Sous la direction de Karine Trébaticky

Dans l’immobilier et le bâtiment, une métamorphose s’opère : l’avènement de l’économie circulaire. Bien plus qu’une alternative, c’est une vision audacieuse qui redéfinit notre approche de la construction et de la réhabilitation, mais aussi notre manière de concevoir et vivre les projets.

Cette notion vise à créer un cycle infini pour les matériaux et les produits, transcendant les modèles traditionnels. Dans un secteur majeur, classé parmi les plus importants émetteurs de gaz à effet de serre, l’immobilier et le bâtiment se transforment. Au-delà des pratiques habituelles telles que le réemploi et le recyclage, une myriade d’initiatives vertueuses et durables s’expérimentent et se pérennisent.

Nécessité impérieuse de la transition énergétique et environnementale, l’économie circulaire a été consacrée par la loi relative à la transition énergétique pour la croissance verte publiée au JO du 18 août 2015. Éradiquer le tout jetable du modèle de l’économie linéaire (extraction / production / consommation / déchets) et revenir à un cycle respectueux des ressources mais aussi des consommateurs. Oui, « revenir », car si ce concept est né dans les années 1970 aux États-Unis, sa philosophie est loin d’être nouvelle : user de la bonne ressource au bon moment, au bon endroit, se contenter, réparer, ne pas gâcher… cela n’évoque-t-il pas, pour bon nombre d’entre vous, quelques souvenirs ?

L’ADEME donne une définition de l’économie circulaire basée sur trois domaines (offre des acteurs économiques / comportement des consommateurs et gestion des déchets) et sept piliers (extraction et exploitation durable / éco-conception / écologie industrielle et territoriale / économie de la fonctionnalité / consommation responsable / allongement de la durée d’usage / recyclage). Comment cela se traduit-il dans le secteur de l’immobilier et du bâtiment ?

Nous vous proposons de le découvrir avec une dose de pragmatisme mais pas que… en laissant la parole à celles et ceux qui la pratiquent dans leur quotidien : un collectif éclectique donc, pour tenter de mettre l’économie circulaire dans l’immobilier et le bâtiment à la portée de tous.

 

AUDACE

Charlène Durand, chef de projet économie circulaire, Premys

L’audace en économie circulaire se caractérise chez les différentes parties prenantes qui ont la volonté d’aller au-delà de la demande actuelle dans nos marchés de construction / réhabilitation / déconstruction.

De manière générale chez les cureurs et dé-constructeurs engagés, cela implique d’être force de proposition pour mettre en place des solutions vertueuses sur le chantier : réemploi, réutilisation et recyclage poussé sont devenus des impératifs. Nos équipes se forment et s’adaptent aux nouveaux métiers (et aux contraintes inhérentes) liés à la dépose soignée et au conditionnement des matériaux de réemploi.

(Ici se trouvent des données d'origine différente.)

text \<open>Since \<open>\<Sum>\<^sub>t Pr(T > t)\<close> converges, this mass tends to zero, so it is zero throughout.\<close>
lemma alive_closed_set_zero:
  fixes P :: "'s::finite \<Rightarrow> 'a::finite \<Rightarrow> 's \<Rightarrow> real"
  assumes elp: "finite_ELP P \<rho> Sbot s0" and pol: "is_policy pol"
    and "K \<inter> Sbot = {}"
    and closed: "\<And>k. k \<in> K \<Longrightarrow> (\<Sum>s'\<in>K. \<Sum>a\<in>UNIV. pol k a * P k a s') = 1"
    and "k \<in> K"
  shows "alive P Sbot s0 pol t k = 0"
proof -
  have Pnn: "\<And>s a s'. 0 \<le> P s a s'" and polnn: "\<And>s a. 0 \<le> pol s a"
    using elp pol unfolding finite_ELP_def is_policy_def by blast+
  let ?mass = "\<lambda>t. \<Sum>k\<in>K. alive P Sbot s0 pol t k"
  let ?total = "\<lambda>t. \<Sum>s\<in>UNIV. alive P Sbot s0 pol t s"
  have "incseq ?mass"
    by (rule incseq_SucI) (rule alive_mass_mono[of P pol, OF Pnn polnn \<open>K \<inter> Sbot = {}\<close> closed])
  moreover have "?mass t' \<le> ?total t'" for t'
    by (rule sum_mono2) (simp_all add: alive_nonneg Pnn polnn)
  ultimately have "\<exists>N. \<forall>t'\<ge>N. ?mass t \<le> ?total t'"
    by (meson incseqD order_trans)
  moreover have "finite_expected_T P Sbot s0 pol"
    using elp pol unfolding finite_ELP_def by blast
  then have "summable ?total"
    by (simp add: finite_expected_T_def)
  then have "?total \<longlonglongrightarrow> 0"
    by (rule summable_LIMSEQ_zero)
  ultimately have "?mass t \<le> 0"
    by (intro LIMSEQ_le_const[of ?total 0 "?mass t"])
  moreover have nonneg: "\<And>k. 0 \<le> alive P Sbot s0 pol t k"
    by (simp add: alive_nonneg Pnn polnn)
  ultimately have "?mass t = 0"
    by (simp add: antisym sum_nonneg)
  then show ?thesis
    using \<open>k \<in> K\<close> sum_nonneg_eq_0_iff[of K "alive P Sbot s0 pol t"] nonneg by simp
qed

text \<open>A policy that reaches the trap with positive probability and then keeps choosing actions
  inside it never terminates with positive probability.\<close>
lemma finite_ELP_no_trap:
  fixes P :: "'s::finite \<Rightarrow> 'a::finite \<Rightarrow> 's \<Rightarrow> real"
  assumes elp: "finite_ELP P \<rho> Sbot s0"
  shows "\<not> trap P Sbot E"
proof
  assume "trap P Sbot E"
  then have "E \<noteq> {}"
    and closed: "\<And>s a s'. (s, a) \<in> E \<Longrightarrow> 0 < P s a s' \<Longrightarrow> s' \<notin> Sbot \<and> (\<exists>a'. (s', a') \<in> E)"
    unfolding trap_def by auto
  have Pnn: "\<And>s a s'. 0 \<le> P s a s'" and stochastic: "\<And>s a. (\<Sum>s'\<in>UNIV. P s a s') = 1"
    and reachable: "\<And>s. \<exists>pol. is_policy pol \<and> (\<exists>t. 0 < state_dist P s0 pol t s)"
    using elp unfolding finite_ELP_def by blast+
  define K where "K = fst ` E - Sbot"
  define \<sigma> where "\<sigma> s = (SOME a. (s, a) \<in> E)" for s
  have successor_in_K: "s' \<in> K" if "(s, a) \<in> E" "0 < P s a s'" for s a s'
    using closed[OF that] unfolding K_def by force
  have \<sigma>_in_E: "(k, \<sigma> k) \<in> E" if "k \<in> K" for k
    using that unfolding K_def \<sigma>_def by (auto intro: someI)
  have "K \<inter> Sbot = {}" by (auto simp: K_def)
  obtain s a where "(s, a) \<in> E" using \<open>E \<noteq> {}\<close> by auto
  moreover obtain k where "0 < P s a k"
    using sum_pos_imp_ex_pos[of "P s a" UNIV] stochastic by auto
  ultimately have "k \<in> K" by (rule successor_in_K)
  obtain pol1 t where pol1: "is_policy pol1" and "0 < state_dist P s0 pol1 t k"
    using reachable by blast
  define pol2 where "pol2 s a = (if s \<in> K then if a = \<sigma> s then 1 else 0 else pol1 s a)" for s a
  have pol2: "is_policy pol2"
    unfolding is_policy_def
  proof (intro conjI allI)
    show "0 \<le> pol2 s a" for s a
      using pol1 by (simp add: pol2_def is_policy_def)
    show "(\<Sum>a\<in>UNIV. pol2 s a) = 1" for s
      using pol1 by (cases "s \<in> K") (simp_all add: pol2_def is_policy_def)
  qed
  have stays_in_K: "(\<Sum>s'\<in>K. \<Sum>a\<in>UNIV. pol2 k a * P k a s') = 1" if "k \<in> K" for k
  proof -
    have "(\<Sum>s'\<in>K. \<Sum>a\<in>UNIV. pol2 k a * P k a s') = (\<Sum>s'\<in>K. P k (\<sigma> k) s')"
      using that by (simp add: pol2_def sum_delta_mult)
    also have "\<dots> = (\<Sum>s'\<in>UNIV. P k (\<sigma> k) s')"
      using successor_in_K[OF \<sigma>_in_E[OF that]] Pnn
      by (intro sum.mono_neutral_left) (auto simp: order_less_le)
    finally show ?thesis using stochastic by simp
  qed
  have agree: "\<And>s. s \<notin> K \<Longrightarrow> pol2 s = pol1 s"
    by (auto simp: pol2_def)
  obtain t' k' where "k' \<in> K" "0 < alive P Sbot s0 pol2 t' k'"
    using alive_reached_after_policy_change[where K = K, OF elp pol1 pol2 agree \<open>0 < state_dist P s0 pol1 t k\<close>]
      \<open>k \<in> K\<close> \<open>K \<inter> Sbot = {}\<close> by (auto simp: insert_absorb)
  then show False
    using alive_closed_set_zero[OF elp pol2 \<open>K \<inter> Sbot = {}\<close> stays_in_K] by force
qed

section \<open>The Bellman operator of a proper kernel\<close>

lemma bellman_split_reward:
  "bellman P R Sbot Q s a = (\<Sum>s'\<in>UNIV. P s a s' * R s') + bellman P (\<lambda>_. 0) Sbot Q s a"
  unfolding bellman_def by (simp add: sum.distrib distrib_left)

locale proper_kernel =
  fixes P :: "'s::finite \<Rightarrow> 'a::finite \<Rightarrow> 's \<Rightarrow> real" and Sbot :: "'s set"
  assumes nonneg: "0 \<le> P s a s'"
    and stochastic: "(\<Sum>s'\<in>UNIV. P s a s') = 1"
    and no_trap: "\<not> trap P Sbot E"

lemma finite_ELP_proper_kernel:
  assumes "finite_ELP P \<rho> Sbot s0"
  shows "proper_kernel P Sbot"
proof
  show "0 \<le> P s a s'" and "(\<Sum>s'\<in>UNIV. P s a s') = 1" for s a s'
    using assms unfolding finite_ELP_def by blast+
  show "\<not> trap P Sbot E" for E
    using finite_ELP_no_trap[OF assms] .
qed

context proper_kernel
begin

abbreviation B0 :: "('s \<Rightarrow> 'a \<Rightarrow> real) \<Rightarrow> 's \<Rightarrow> 'a \<Rightarrow> real" where
  "B0 \<equiv> bellman P (\<lambda>_. 0) Sbot"

lemma B0_mono: "(\<And>s a. h s a \<le> h' s a) \<Longrightarrow> B0 h s a \<le> B0 h' s a"
  unfolding bellman_def
  by (intro sum_mono mult_left_mono) (auto simp: nonneg intro: order_trans[OF _ Max_range_ge])

lemma B0_funpow_mono: "(\<And>s a. h s a \<le> h' s a) \<Longrightarrow> (B0 ^^ n) h s a \<le> (B0 ^^ n) h' s a"
  by (induction n arbitrary: s a) (auto intro: B0_mono)

lemma B0_diff_le: "B0 h s a - B0 h' s a \<le> B0 (\<lambda>s a. h s a - h' s a) s a"
  unfolding bellman_def sum_subtractf[symmetric]
proof (rule sum_mono)
  fix s'
  have "(if s' \<notin> Sbot then Max (range (h s')) else 0) - (if s' \<notin> Sbot then Max (range (h' s')) else 0)
      \<le> (if s' \<notin> Sbot then Max (range (\<lambda>a. h s' a - h' s' a)) else 0)"
    by (simp add: Max_range_diff_le)
  then show "P s a s' * (0 + (if s' \<notin> Sbot then Max (range (h s')) else 0))
      - P s a s' * (0 + (if s' \<notin> Sbot then Max (range (h' s')) else 0))
      \<le> P s a s' * (0 + (if s' \<notin> Sbot then Max (range (\<lambda>a. h s' a - h' s' a)) else 0))"
    by (simp add: nonneg mult_left_mono flip: right_diff_distrib)
qed

lemma B0_le_const:
  assumes "\<And>s a. h s a \<le> c" and "0 \<le> c"
  shows "B0 h s a \<le> c"
proof -
  have "B0 h s a \<le> (\<Sum>s'\<in>UNIV. P s a s' * c)"
    unfolding bellman_def using assms by (intro sum_mono mult_left_mono) (auto simp: nonneg)
  also have "\<dots> = (\<Sum>s'\<in>UNIV. P s a s') * c"
    by (rule sum_distrib_right[symmetric])
  finally show ?thesis
    by (simp add: stochastic)
qed

lemma B0_nonneg: "(\<And>s a. 0 \<le> h s a) \<Longrightarrow> 0 \<le> B0 h s a"
  unfolding bellman_def
  by (intro sum_nonneg mult_nonneg_nonneg) (auto simp: nonneg intro: order_trans[OF _ Max_range_ge])

lemma B0_cmult: "0 \<le> c \<Longrightarrow> B0 (\<lambda>s a. c * h s a) s a = c * B0 h s a"
  unfolding bellman_def
  by (simp add: Max_range_cmult sum_distrib_left algebra_simps if_distrib cong: if_cong)

lemma B0_eq_bound_successor:
  assumes le: "\<And>s a. h s a \<le> c" and "0 < c" and eq: "B0 h s a = c" and "0 < P s a s'"
  shows "s' \<notin> Sbot \<and> Max (range (h s')) = c"
proof -
  define v where "v x = (if x \<notin> Sbot then Max (range (h x)) else 0)" for x
  have v_le: "v x \<le> c" for x
    using le \<open>0 < c\<close> by (simp add: v_def)
  have "(\<Sum>x\<in>UNIV. P s a x * (c - v x)) = (\<Sum>x\<in>UNIV. P s a x * c) - B0 h s a"
    unfolding bellman_def v_def by (simp add: right_diff_distrib sum_subtractf)
  also have "\<dots> = (\<Sum>x\<in>UNIV. P s a x) * c - c"
    using eq by (simp add: sum_distrib_right)
  also have "\<dots> = 0"
    by (simp add: stochastic)
  finally have "P s a s' * (c - v s') = 0"
    using sum_nonneg_eq_0_iff[of UNIV "\<lambda>x. P s a x * (c - v x)"] v_le
    by (simp add: nonneg)
  then have "v s' = c"
    using \<open>0 < P s a s'\<close> by simp
  then show ?thesis
    using \<open>0 < c\<close> by (auto simp: v_def split: if_splits)
qed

Les équipements sanitaires à bon potentiel par exemple sont aujourd’hui déposés soigneusement à la main, emballés et mis sur palette pour être acheminés vers un espace de stockage tampon dédié sur le chantier. En comparaison, sans objectif de réemploi, ces matériaux en céramique étaient auparavant majoritairement démolis mécaniquement et recyclés avec les autres déchets inertes.

Autre exemple, les éléments de charpentes (bois ou métalliques) peuvent être réemployables / réutilisables. Pour cela, il faut apprendre à les caractériser, déterminer la bonne méthode de dépose, mettre les moyens humains et matériels adéquats, puis éventuellement retravailler la matière en atelier.

Cela bouleverse nos habitudes, nos plannings, et nous oblige à repenser complètement notre manière de travailler sur un chantier.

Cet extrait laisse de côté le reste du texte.